What to work on:
Go to the line in the entries below that holds "by (simp add: correlation[symmetric])" and repeat exactly from there through the line that holds "by (simp add: cinner_capply_hermitian[OF hermitian_op_lincomb[OF", inclusive.

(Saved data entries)
lemma cinner_op_lincomb_correlation:
  "cinner J psi (capply J (op_lincomb a c) (capply J (op_lincomb b e) psi)) = complex_of_real (c \<bullet> (C *v e))"
proof -
  have "capply J (op_lincomb a c) (capply J (op_lincomb b e) psi)
      = (\<lambda>j. \<Sum>x\<in>UNIV. \<Sum>y\<in>UNIV. complex_of_real (c$x) * complex_of_real (e$y) * capply J (a x) (capply J (b y) psi) j)"
    by (rule capply_op_lincomb_twice)
  then have "cinner J psi (capply J (op_lincomb a c) (capply J (op_lincomb b e) psi))
      = (\<Sum>x\<in>UNIV. \<Sum>y\<in>UNIV. complex_of_real (c$x) * complex_of_real (e$y)
          * cinner J psi (capply J (a x) (capply J (b y) psi)))"
    by (simp add: cinner_sum_right cinner_scale_right)
  also have "\<dots> = (\<Sum>x\<in>UNIV. \<Sum>y\<in>UNIV. complex_of_real (c$x * e$y * C$x$y))"
    by (simp add: correlation[symmetric])
  also have "\<dots> = complex_of_real (c \<bullet> (C *v e))" by (simp add: inner_matrix_vector_sum)
  finally show ?thesis .
qed

lemma cinner_op_lincomb_psi:
  "cinner J (capply J (op_lincomb a c) psi) (capply J (op_lincomb a e) psi) = complex_of_real (c \<bullet> (C *v e))"
proof -
  have "cinner J (capply J (op_lincomb a c) psi) (capply J (op_lincomb a e) psi)
      = cinner J (capply J (op_lincomb a c) psi) (capply J (op_lincomb b e) psi)"
    by (simp add: op_lincomb_a_psi_eq_b_psi)
  also have "\<dots> = cinner J psi (capply J (op_lincomb a c) (capply J (op_lincomb b e) psi))"
    by (simp add: cinner_capply_hermitian[OF hermitian_op_lincomb[OF hermitian_a]])
  finally show ?thesis by (simp add: cinner_op_lincomb_correlation)
qed

lemma op_lincomb_kernel_psi: assumes "C *v c = 0" shows "capply J (op_lincomb a c) psi = (\<lambda>j. 0)"
proof -
  have "Re (cinner J (capply J (op_lincomb a c) psi) (capply J (op_lincomb a c) psi)) = 0"
      using cinner_op_lincomb_psi[of c c] assms by simp
  then show ?thesis using cinner_self_eq_zero[OF finite_J capply_vectors_on] by blast
qed

lemma a_square_psi: "capply J (a x) (capply J (a x) psi) = psi"
proof (rule eq_of_cinner_eq_1[OF finite_J])
  show "capply J (a x) (capply J (a x) psi) \<in> vectors_on J" by (rule capply_vectors_on)
  show "psi \<in> vectors_on J" by (rule psi_vectors_on)
  have n1: "cinner J (capply J (a x) psi) (capply J (a x) psi) = 1"
  proof -
    have "cinner J (capply J (a x) psi) (capply J (a x) psi) = cinner J (capply J (a x) psi) (capply J (b x) psi)"
      by (simp add: a_psi_eq_b_psi)
    also have "\<dots> = cinner J psi (capply J (a x) (capply J (b x) psi))" by (simp add: cinner_capply_hermitian[OF hermitian_a])
    also have "\<dots> = 1" using correlation[of x x] C_diag by simp
    finally show ?thesis .
  qed
  show "Re (cinner J (capply J (a x) (capply J (a x) psi)) (capply J (a x) (capply J (a x) psi))) \<le> 1"
    using contraction_a[of x "capply J (a x) psi"] n1 by simp
  show "Re (cinner J psi psi) \<le> 1" using psi_unit by simp
  have "cinner J psi (capply J (a x) (capply J (a x) psi)) = 1" using n1
      by (simp add: cinner_capply_hermitian[OF hermitian_a])
  then show "cinner J (capply J (a x) (capply J (a x) psi)) psi = 1" using cnj_cinner by (metis complex_cnj_one)
qed

definition product_defect :: "'n \<Rightarrow> 'n \<Rightarrow> 'j \<Rightarrow> complex" where
  "product_defect x y = (\<lambda>j. capply J (a x) (capply J (a y) psi) j - complex_of_real (C$x$y) * psi j)"

lemma product_defect_diag: "product_defect x x = (\<lambda>j. 0)"
  by (simp add: product_defect_def a_square_psi C_diag)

Task result:
    by (simp add: correlation[symmetric])
  also have "\<dots> = complex_of_real (c \<bullet> (C *v e))" by (simp add: inner_matrix_vector_sum)
  finally show ?thesis .
qed

lemma cinner_op_lincomb_psi:
  "cinner J (capply J (op_lincomb a c) psi) (capply J (op_lincomb a e) psi) = complex_of_real (c \<bullet> (C *v e))"
proof -
  have "cinner J (capply J (op_lincomb a c) psi) (capply J (op_lincomb a e) psi)
      = cinner J (capply J (op_lincomb a c) psi) (capply J (op_lincomb b e) psi)"
    by (simp add: op_lincomb_a_psi_eq_b_psi)
  also have "\<dots> = cinner J psi (capply J (op_lincomb a c) (capply J (op_lincomb b e) psi))"
    by (simp add: cinner_capply_hermitian[OF hermitian_op_lincomb[OF hermitian_a]])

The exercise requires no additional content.